#TransWk: Intern Ryan reports on trans awareness in higher ed

Posted by: | Posted on: November 13, 2013

TAW2013

Ryan here, to speak briefly about the importance of trans awareness in higher education. This topic is actually the subject of my senior thesis research, and it is always filled with surprises. While here at MTPC I am a policy intern, at school I am a student-athlete and in the middle of a social transition. I’d like to think of myself as very logical and objective in this, but I first have to consider myself human and be able to communicate my feelings if I hope to make the best argument for change.

In my research, I have found that the topic of trans inclusion in higher education is scattered; this is likely due to the difficulty in researching the multiple facets of life that intersect and shape what it is to be trans. Or, to rephrase: there is a growing field of trans studies that focus on higher ed, but none of these studies can seem to agree on any single important subfield because the field is still considered new.

Higher education is a strange creature. Since it often breeds social change movements, it has been interesting to see the growth of how trans policies affect the cultural environment. There tends to be a “chicken or the egg” conundrum. Schools without trans advocates are hesitant to make changes (which may welcome some and/or insult others) while schools with loud, visible trans advocates create social modifications, bringing about policy and institutional change. In short: as if it were not hard enough being trans, in order for a school to pay attention and create trans-inclusive policies, the trans students (and vocal allies) have to advocate for those changes themselves.

And I am not just talking about gender-neutral bathrooms, or living with the person/friends of your choice regardless of sex. The margins for social change span the inclusivity of trans-identities in the LGBTQ student organizations, the sensitivity of a school’s career center (for instance, how helpful they are when you’re presenting as Jennifer and all of your school IDs, past job sites, and professors know you only as Jacob), or the attitudes of campus police towards trans students.

Sidenote: if you are an educator, instructor, professor, etc., include trans subjects in the readings; if it does not generate any discussion it means that either no one read the work, or that you teach in a beautiful utopia with non-binary notions of gender instilled in everyone. That’s unlikely, though, so prepare for some interesting questions.
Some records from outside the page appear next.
text \<open>Dirichlet's approximation theorem yields infinitely many \<open>(h, k)\<close> of bounded nonzero norm;
  by pigeonhole two of them have the same norm \<open>n\<close> and are congruent modulo \<open>n\<close>.\<close>
lemma pell_solution_exists:
  fixes d :: int
  assumes "d > 0" "\<And>k. k\<^sup>2 \<noteq> d"
  shows "\<exists>x y. y \<noteq> 0 \<and> x\<^sup>2 - d * y\<^sup>2 = 1"
proof -
  define S where "S = approx_set (sqrt (of_int d))"
  define M where "M = \<lceil>1 + 2 * sqrt (of_int d)\<rceil>"
  define N where "N = (\<lambda>(h, k). h\<^sup>2 - d * k\<^sup>2)"
  define f where "f = (\<lambda>hk. (N hk, fst hk mod N hk, snd hk mod N hk))"
  have "infinite S"
    using sqrt_of_int_not_rational[of d] assms rational_iff_finite_approx_set by (simp add: S_def)
  have k_pos: "snd hk > 0" if "hk \<in> S" for hk
    using that by (auto simp: S_def approx_set_def)
  have N_bound: "\<bar>N hk\<bar> \<le> M" if "hk \<in> S" for hk
    using that assms(1) norm_form_bound_of_good_approx[of d "snd hk" "fst hk"]
    by (auto simp: S_def approx_set_def M_def N_def)
  have N_nonzero: "N hk \<noteq> 0" if "hk \<in> S" for hk
  proof
    obtain h k where hk: "hk = (h, k)"
      by fastforce
    assume "N hk = 0"
    then have "(of_int h)\<^sup>2 = (of_int d * (of_int k)\<^sup>2 :: real)"
      by (simp add: N_def hk flip: of_int_power of_int_mult)
    then have "\<bar>of_int h\<bar> = sqrt (of_int d) * of_int k"
      using k_pos[OF that] by (metis abs_of_pos of_int_0_less_iff real_sqrt_abs real_sqrt_mult hk snd_conv)
    then have "sqrt (of_int d) = of_int \<bar>h\<bar> / of_int k"
      using k_pos[OF that] by (simp add: hk field_simps)
    then show False
      using sqrt_of_int_not_rational[of d] assms by simp
  qed
  have "f hk \<in> {-M..M} \<times> {-M..M} \<times> {-M..M}" if "hk \<in> S" for hk
  proof -
    have "\<bar>fst hk mod N hk\<bar> \<le> M" "\<bar>snd hk mod N hk\<bar> \<le> M"
      using abs_mod_less[OF N_nonzero[OF that], of "fst hk"]
        abs_mod_less[OF N_nonzero[OF that], of "snd hk"] N_bound[OF that] by linarith+
    with N_bound[OF that] show ?thesis
      by (simp add: f_def abs_le_iff)
  qed
  then have "f ` S \<subseteq> {-M..M} \<times> {-M..M} \<times> {-M..M}"
    by blast
  then have "finite (f ` S)"
    by (rule finite_subset) simp
  with \<open>infinite S\<close> have "\<not> inj_on f S"
    using finite_imageD by blast
  then obtain h1 k1 h2 k2 where in_S: "(h1, k1) \<in> S" "(h2, k2) \<in> S"
    and "(h1, k1) \<noteq> (h2, k2)" and f_eq: "f (h1, k1) = f (h2, k2)"
    unfolding inj_on_def by force
  define n where "n = N (h1, k1)"
  from f_eq have "N (h1, k1) = N (h2, k2) \<and> h1 mod N (h1, k1) = h2 mod N (h2, k2)
      \<and> k1 mod N (h1, k1) = k2 mod N (h2, k2)"
    unfolding f_def fst_conv snd_conv prod.inject .
  then have "N (h2, k2) = n" "h1 mod n = h2 mod n" "k1 mod n = k2 mod n"
    unfolding n_def by metis+
  then have "h1\<^sup>2 - d * k1\<^sup>2 = n" "h2\<^sup>2 - d * k2\<^sup>2 = n" "h1 mod n = h2 mod n" "k1 mod n = k2 mod n"
    by (simp_all add: n_def N_def)
  moreover have "n \<noteq> 0" "k1 > 0" "k2 > 0"
    using N_nonzero k_pos in_S by (force simp: n_def)+
  ultimately show ?thesis
    using pell_solution_of_congruent_pair \<open>(h1, k1) \<noteq> (h2, k2)\<close> by blast
qed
Some departments and certain schools take trans issues as a case-by-case opportunity, which may be swept under the rug for the trustees and higher-ups.  These schools may not have policies “on the books,” but they will work with trans students if and when the need arises. This can make it both good for the school and for the trans students, but it is also understandable as to why a student might still feel ignored or that their full needs are not being met.
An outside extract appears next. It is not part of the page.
(* Let $b_1,\dots,b_n$ be positive integers and $N=b_1+\dots+b_n$. Then the initial complex is the disjoint union of intervals $$\Delta_\prec=\bigsqcup_{u\in\mathcal S}[\mathcal G_u,\mathcal F_u],$$ where $[\mathcal G,\mathcal F]=\{H\in\Delta_\prec\mid \mathcal G\subseteq H\subseteq\mathcal F\}$. Consequently the Hilbert–Poincaré series of $R_{[\mathbf b]}$ is $$P_{R_{[\mathbf b]}}(t)=\frac{A_{[\mathbf b]}(t)}{(1-t)^{N+1}},\qquad A_{[\mathbf b]}(t)=\sum_{u\in\mathcal S}t^{\mathrm{desc}(u)}=\sum_kA([\mathbf b],k)t^k,$$ i.e. the $k$-th entry of the $h$-vector of $R_{[\mathbf b]}$ equals the Simon Newcomb number $A([\mathbf b],k)$.
   Context: Let $K$ be a field, $\mathcal M=\{0,\dots,b_1\}\times\dots\times\{0,\dots,b_n\}\subset\mathbb N^n$ with the componentwise partial order, $S=K[T_v\mid v\in\mathcal M]$ standard graded, $\mathcal J_{[\mathbf b]}=\ker(T_v\mapsto x_{1,v_1}\cdots x_{n,v_n})$, $R_{[\mathbf b]}=S/\mathcal J_{[\mathbf b]}$. $\prec$ is the reverse lexicographic order with respect to a linear extension of the componentwise order on the variables, and $\Delta_\prec$ is the simplicial complex on $\mathcal M$ whose Stanley–Reisner ideal is $\mathrm{in}_\prec(\mathcal J_{[\mathbf b]})$; its faces are the chains of $\mathcal M$. Let $\mathcal S$ be the set of words $u=u_1u_2\cdots u_N$ over $\{1,\dots,n\}$ containing the letter $i$ exactly $b_i$ times. A descent of $u$ is an index $1\le m\le N-1$ with $u_m>u_{m+1}$; $\mathrm{desc}(u)$ is the number of descents, and the Simon Newcomb number $A([\mathbf b],k)$ is the number of $u\in\mathcal S$ with exactly $k$ descents. With $\varepsilon_1,\dots,\varepsilon_n$ the standard basis of $\mathbb Z^n$, put $p_m(u)=\sum_{i=1}^m\varepsilon_{u_i}$ for $0\le m\le N$, $\mathcal F_u=\{p_0(u),\dots,p_N(u)\}$ (a maximal chain of $\mathcal M$; $u\mapsto\mathcal F_u$ is a bijection from $\mathcal S$ to the facets of $\Delta_\prec$) and $\mathcal G_u=\{p_m(u)\mid 1\le m\le N-1,\ u_m>u_{m+1}\}$ (the descent set). *)

theory Defs
  imports "HOL-Library.Poly_Mapping" "HOL-Computational_Algebra.Computational_Algebra"
begin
It is similar to non-discrimination laws that cover the work place and housing but not public accommodations. Great, I have a job and a place to live but I might be harassed or kicked off the T and prevented from buying a sandwich by some staff member giving me a dirty look and whispering to their co-workers behind the counter.

Just as a diamond saw blade needs water to work most efficiently, we see again and again it is advocacy that brings about policy change. And often, education is required to grease and facilitate the advancement. So for those of you in higher education during this trans awareness week, speak up, be heard, and sparkle!